* What is being asked: Beginning at the top of the data below, write out every line exactly until you reach the line with "with stabiliser G", and include that line.

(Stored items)
(* In the setting of the context, assume $G_{xy}^{[1]}=1$, $G_x/G_x^{[1]}\cong S_5$ and $G_x^{[1]}\cong S_4$. Then $G_x\cong S_5\times S_4$ and $G_e\cong S_4\wr C_2$.
   Context: $\mathcal{A}=(G_x,G_e,G_{xy})$ is a finite, primitive amalgam of degree $(5,2)$ (no nontrivial subgroup of $G_{xy}$ normal in both $G_x$ and $G_e$; $|G_x:G_{xy}|=5$, $|G_e:G_{xy}|=2$), $G=G_x*_{G_{xy}}G_e$ acts on the coset graph (5-valent tree) $\Gamma$, $x$ is the vertex with stabiliser $G_x$, $y$ the neighbour with $G_e$ the setwise stabiliser of $\{x,y\}$ and $G_x\cap G_y=G_{xy}$. $G_z^{[1]}$ is the pointwise stabiliser of $z$ and its neighbours, $G_{xy}^{[1]}=G_x^{[1]}\cap G_y^{[1]}$. *)

theory Defs
  imports "HOL-Algebra.Algebra"
begin

text \<open>Kernel of the action of G on the right cosets of H (the neighbours of the vertex
  with stabiliser G in the coset graph): the pointwise stabiliser G^[1].\<close>
definition coset_action_kernel :: "('a, 'm) monoid_scheme \<Rightarrow> 'a set \<Rightarrow> 'a set" where
  "coset_action_kernel G H = {g \<in> carrier G. \<forall>C \<in> rcosets\<^bsub>G\<^esub> H. C #>\<^bsub>G\<^esub> g = C}"

text \<open>Wreath product H wr C_2 = (H x H) semidirect C_2, C_2 = bool under xor,
  the nontrivial element swapping the two coordinates.\<close>
definition wreath_C2 :: "('a, 'm) monoid_scheme \<Rightarrow> (('a \<times> 'a) \<times> bool) monoid" where
  "wreath_C2 H = \<lparr> carrier = {((a, b), s). a \<in> carrier H \<and> b \<in> carrier H},
     monoid.mult = (\<lambda>x y. (if snd x
          then (fst (fst x) \<otimes>\<^bsub>H\<^esub> snd (fst y), snd (fst x) \<otimes>\<^bsub>H\<^esub> fst (fst y))
          else (fst (fst x) \<otimes>\<^bsub>H\<^esub> fst (fst y), snd (fst x) \<otimes>\<^bsub>H\<^esub> snd (fst y)),
        snd x \<noteq> snd y)),
     monoid.one = ((\<one>\<^bsub>H\<^esub>, \<one>\<^bsub>H\<^esub>), False) \<rparr>"

end

theory Submission
  imports Defs "HOL-Computational_Algebra.Primes"
begin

* Written reply:
(* In the setting of the context, assume $G_{xy}^{[1]}=1$, $G_x/G_x^{[1]}\cong S_5$ and $G_x^{[1]}\cong S_4$. Then $G_x\cong S_5\times S_4$ and $G_e\cong S_4\wr C_2$.
   Context: $\mathcal{A}=(G_x,G_e,G_{xy})$ is a finite, primitive amalgam of degree $(5,2)$ (no nontrivial subgroup of $G_{xy}$ normal in both $G_x$ and $G_e$; $|G_x:G_{xy}|=5$, $|G_e:G_{xy}|=2$), $G=G_x*_{G_{xy}}G_e$ acts on the coset graph (5-valent tree) $\Gamma$, $x$ is the vertex with stabiliser $G_x$, $y$ the neighbour with $G_e$ the setwise stabiliser of $\{x,y\}$ and $G_x\cap G_y=G_{xy}$. $G_z^{[1]}$ is the pointwise stabiliser of $z$ and its neighbours, $G_{xy}^{[1]}=G_x^{[1]}\cap G_y^{[1]}$. *)

theory Defs
  imports "HOL-Algebra.Algebra"
begin

text \<open>Kernel of the action of G on the right cosets of H (the neighbours of the vertex
  with stabiliser G in the coset graph): the pointwise stabiliser G^[1].\<close>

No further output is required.